YOUR ASSIGNMENT: Filter out every line below that lacks "dimensional", and copy the rest.

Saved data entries
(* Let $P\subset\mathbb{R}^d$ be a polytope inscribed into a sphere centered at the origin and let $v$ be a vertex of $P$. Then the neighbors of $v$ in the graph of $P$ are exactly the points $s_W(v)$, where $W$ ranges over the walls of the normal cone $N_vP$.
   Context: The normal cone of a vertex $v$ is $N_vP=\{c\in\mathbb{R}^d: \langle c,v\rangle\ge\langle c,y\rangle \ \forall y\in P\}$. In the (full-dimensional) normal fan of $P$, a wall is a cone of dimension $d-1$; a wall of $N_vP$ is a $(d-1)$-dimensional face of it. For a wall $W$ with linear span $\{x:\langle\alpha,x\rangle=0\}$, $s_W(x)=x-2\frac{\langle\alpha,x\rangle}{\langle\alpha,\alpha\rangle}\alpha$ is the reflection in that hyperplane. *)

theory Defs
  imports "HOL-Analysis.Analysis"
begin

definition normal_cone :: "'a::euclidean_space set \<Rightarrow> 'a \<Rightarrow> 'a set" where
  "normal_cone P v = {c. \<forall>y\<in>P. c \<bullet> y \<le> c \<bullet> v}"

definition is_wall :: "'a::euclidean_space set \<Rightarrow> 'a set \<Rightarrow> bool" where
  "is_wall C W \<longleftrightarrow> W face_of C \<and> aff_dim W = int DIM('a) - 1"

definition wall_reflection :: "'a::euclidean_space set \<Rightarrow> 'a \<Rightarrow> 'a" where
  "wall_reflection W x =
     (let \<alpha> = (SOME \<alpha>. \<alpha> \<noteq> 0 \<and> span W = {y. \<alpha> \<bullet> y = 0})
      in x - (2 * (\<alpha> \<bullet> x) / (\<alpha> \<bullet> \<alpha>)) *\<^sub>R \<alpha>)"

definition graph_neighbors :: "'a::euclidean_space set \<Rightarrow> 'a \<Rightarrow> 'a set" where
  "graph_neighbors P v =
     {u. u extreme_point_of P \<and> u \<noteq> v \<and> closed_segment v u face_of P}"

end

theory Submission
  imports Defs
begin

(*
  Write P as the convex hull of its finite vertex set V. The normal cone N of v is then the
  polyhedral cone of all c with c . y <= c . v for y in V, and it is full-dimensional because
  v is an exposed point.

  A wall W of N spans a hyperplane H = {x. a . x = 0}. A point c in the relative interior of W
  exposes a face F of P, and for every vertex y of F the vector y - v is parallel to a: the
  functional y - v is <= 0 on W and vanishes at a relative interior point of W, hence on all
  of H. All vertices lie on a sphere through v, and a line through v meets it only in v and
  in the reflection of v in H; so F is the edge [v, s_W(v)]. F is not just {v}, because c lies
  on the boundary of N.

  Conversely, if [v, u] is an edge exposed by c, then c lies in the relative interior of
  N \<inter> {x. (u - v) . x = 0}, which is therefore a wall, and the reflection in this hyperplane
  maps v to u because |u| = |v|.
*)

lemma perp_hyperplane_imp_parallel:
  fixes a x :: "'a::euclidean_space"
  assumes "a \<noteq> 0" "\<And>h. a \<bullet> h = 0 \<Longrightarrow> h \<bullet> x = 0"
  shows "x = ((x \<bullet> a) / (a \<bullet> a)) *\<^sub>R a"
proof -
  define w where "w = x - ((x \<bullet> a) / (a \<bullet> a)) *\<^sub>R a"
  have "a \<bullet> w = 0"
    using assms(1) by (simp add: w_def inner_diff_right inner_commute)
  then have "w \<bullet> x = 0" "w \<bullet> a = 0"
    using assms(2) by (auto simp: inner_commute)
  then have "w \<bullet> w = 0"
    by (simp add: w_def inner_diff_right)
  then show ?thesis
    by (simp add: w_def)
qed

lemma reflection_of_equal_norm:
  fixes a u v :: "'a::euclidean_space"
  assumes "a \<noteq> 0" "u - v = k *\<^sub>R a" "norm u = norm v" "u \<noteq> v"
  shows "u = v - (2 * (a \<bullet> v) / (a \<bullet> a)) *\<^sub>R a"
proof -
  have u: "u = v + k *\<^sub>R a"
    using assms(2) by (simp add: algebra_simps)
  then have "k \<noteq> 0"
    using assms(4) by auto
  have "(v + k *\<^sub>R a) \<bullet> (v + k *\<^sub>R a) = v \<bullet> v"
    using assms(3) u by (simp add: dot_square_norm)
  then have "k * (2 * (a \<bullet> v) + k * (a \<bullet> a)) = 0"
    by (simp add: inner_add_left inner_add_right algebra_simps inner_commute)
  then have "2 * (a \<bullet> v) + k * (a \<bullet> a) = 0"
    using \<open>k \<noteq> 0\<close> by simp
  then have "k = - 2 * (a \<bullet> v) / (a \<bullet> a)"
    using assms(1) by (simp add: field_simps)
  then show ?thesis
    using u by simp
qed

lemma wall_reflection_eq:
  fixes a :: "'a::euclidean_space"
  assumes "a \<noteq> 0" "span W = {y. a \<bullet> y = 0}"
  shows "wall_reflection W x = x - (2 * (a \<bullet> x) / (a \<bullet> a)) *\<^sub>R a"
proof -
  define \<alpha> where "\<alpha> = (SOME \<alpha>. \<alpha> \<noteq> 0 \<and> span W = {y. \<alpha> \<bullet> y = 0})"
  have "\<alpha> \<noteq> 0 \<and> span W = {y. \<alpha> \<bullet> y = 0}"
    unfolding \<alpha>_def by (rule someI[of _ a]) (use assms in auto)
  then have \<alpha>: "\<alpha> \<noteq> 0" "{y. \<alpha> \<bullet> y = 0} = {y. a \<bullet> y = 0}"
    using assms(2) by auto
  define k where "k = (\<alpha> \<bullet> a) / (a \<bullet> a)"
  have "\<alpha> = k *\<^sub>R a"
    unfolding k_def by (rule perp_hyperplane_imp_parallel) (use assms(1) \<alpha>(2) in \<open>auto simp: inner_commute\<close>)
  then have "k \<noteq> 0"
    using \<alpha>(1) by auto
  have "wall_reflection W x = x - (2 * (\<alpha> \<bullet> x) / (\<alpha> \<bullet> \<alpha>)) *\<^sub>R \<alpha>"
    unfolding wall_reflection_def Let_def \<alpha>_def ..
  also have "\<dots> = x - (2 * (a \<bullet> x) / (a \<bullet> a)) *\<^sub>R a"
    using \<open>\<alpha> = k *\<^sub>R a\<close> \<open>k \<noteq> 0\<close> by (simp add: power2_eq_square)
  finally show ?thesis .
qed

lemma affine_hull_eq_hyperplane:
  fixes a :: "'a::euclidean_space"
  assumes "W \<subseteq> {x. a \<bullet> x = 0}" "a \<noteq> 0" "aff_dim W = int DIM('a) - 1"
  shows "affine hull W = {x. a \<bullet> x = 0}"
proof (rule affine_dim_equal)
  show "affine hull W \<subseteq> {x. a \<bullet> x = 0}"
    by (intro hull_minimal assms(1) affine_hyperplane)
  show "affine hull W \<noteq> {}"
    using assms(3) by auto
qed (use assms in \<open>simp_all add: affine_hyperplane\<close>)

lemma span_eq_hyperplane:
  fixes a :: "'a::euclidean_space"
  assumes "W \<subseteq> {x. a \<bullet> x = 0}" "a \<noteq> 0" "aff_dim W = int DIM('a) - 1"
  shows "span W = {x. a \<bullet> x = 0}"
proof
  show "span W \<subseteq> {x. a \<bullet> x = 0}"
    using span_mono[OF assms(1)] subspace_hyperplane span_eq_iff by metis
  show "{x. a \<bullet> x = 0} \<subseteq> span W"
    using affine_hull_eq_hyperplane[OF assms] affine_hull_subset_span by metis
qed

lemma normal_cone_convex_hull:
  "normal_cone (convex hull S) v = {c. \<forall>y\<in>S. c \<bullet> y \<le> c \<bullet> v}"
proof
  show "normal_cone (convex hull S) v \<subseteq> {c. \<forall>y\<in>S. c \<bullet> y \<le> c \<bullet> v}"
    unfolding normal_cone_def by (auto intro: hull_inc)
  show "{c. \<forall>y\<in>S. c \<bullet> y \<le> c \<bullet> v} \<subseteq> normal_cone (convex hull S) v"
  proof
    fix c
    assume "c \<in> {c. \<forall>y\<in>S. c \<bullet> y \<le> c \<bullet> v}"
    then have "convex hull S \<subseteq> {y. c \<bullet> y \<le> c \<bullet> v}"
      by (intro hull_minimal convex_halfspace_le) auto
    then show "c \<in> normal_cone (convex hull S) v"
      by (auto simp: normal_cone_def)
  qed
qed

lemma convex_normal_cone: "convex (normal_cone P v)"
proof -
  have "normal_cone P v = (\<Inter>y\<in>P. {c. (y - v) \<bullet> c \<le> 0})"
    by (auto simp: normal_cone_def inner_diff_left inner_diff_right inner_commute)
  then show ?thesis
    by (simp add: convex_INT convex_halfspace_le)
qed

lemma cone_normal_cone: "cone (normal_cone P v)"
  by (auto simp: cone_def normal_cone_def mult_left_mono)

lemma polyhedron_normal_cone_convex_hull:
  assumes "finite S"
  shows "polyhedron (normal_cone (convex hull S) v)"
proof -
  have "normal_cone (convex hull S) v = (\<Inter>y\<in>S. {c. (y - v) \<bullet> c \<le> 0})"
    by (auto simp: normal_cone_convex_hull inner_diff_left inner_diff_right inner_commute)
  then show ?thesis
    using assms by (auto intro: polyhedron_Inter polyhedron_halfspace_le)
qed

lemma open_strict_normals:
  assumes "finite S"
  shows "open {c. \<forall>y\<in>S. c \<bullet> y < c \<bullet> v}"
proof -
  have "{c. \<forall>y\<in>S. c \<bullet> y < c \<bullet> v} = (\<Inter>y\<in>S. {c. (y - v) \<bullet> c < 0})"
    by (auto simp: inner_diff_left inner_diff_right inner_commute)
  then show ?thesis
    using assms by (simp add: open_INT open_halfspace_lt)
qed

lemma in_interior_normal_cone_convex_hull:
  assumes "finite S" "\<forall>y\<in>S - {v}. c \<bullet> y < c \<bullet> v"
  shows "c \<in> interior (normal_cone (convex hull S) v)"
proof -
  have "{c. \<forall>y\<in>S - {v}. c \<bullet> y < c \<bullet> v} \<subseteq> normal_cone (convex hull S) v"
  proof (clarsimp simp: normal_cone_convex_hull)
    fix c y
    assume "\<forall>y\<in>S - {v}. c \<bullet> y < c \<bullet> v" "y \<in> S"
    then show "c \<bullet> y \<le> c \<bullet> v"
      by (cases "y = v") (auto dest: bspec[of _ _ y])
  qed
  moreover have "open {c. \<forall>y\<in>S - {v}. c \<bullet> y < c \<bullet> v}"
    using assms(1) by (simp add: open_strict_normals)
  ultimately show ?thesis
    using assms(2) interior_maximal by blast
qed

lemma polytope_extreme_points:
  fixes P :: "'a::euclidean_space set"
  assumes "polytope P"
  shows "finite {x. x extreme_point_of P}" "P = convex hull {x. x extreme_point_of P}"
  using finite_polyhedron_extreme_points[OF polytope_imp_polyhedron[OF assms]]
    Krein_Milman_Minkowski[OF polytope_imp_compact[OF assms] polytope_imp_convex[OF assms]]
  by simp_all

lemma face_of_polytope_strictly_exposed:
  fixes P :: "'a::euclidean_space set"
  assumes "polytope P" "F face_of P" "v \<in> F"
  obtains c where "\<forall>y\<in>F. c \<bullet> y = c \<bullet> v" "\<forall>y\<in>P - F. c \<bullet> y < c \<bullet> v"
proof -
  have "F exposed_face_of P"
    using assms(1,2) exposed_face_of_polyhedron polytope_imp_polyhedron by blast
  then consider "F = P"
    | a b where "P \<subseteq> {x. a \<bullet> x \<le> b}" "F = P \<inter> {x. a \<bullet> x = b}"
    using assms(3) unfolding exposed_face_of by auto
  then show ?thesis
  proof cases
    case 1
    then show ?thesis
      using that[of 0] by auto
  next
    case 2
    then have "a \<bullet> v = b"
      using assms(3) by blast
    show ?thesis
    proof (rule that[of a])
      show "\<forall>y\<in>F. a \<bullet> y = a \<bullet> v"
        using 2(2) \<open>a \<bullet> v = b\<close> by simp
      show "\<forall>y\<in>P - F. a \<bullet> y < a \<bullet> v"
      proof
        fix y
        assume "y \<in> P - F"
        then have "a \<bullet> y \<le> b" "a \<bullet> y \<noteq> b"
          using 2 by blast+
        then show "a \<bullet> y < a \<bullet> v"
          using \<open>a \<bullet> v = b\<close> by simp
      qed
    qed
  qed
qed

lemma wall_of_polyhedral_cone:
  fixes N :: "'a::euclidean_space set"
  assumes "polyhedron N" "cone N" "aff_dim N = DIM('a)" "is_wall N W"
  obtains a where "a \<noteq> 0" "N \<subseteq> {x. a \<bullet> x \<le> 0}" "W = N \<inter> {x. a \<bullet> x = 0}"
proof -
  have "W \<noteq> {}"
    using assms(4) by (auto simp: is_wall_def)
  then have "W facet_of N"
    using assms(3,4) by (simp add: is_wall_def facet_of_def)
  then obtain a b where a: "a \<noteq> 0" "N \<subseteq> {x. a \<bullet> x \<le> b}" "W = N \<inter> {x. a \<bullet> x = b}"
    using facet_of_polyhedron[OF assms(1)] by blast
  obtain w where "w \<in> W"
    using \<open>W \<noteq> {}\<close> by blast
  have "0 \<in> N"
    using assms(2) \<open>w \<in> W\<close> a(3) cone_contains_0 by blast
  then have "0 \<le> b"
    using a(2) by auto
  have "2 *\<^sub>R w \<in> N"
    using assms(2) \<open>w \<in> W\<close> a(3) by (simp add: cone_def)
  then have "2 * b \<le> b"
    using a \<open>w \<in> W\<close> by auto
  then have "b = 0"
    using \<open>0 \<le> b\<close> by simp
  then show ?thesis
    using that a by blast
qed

THE COMPLETED TASK:
   Context: The normal cone of a vertex $v$ is $N_vP=\{c\in\mathbb{R}^d: \langle c,v\rangle\ge\langle c,y\rangle \ \forall y\in P\}$. In the (full-dimensional) normal fan of $P$, a wall is a cone of dimension $d-1$; a wall of $N_vP$ is a $(d-1)$-dimensional face of it. For a wall $W$ with linear span $\{x:\langle\alpha,x\rangle=0\}$, $s_W(x)=x-2\frac{\langle\alpha,x\rangle}{\langle\alpha,\alpha\rangle}\alpha$ is the reflection in that hyperplane. *)
  polyhedral cone of all c with c . y <= c . v for y in V, and it is full-dimensional because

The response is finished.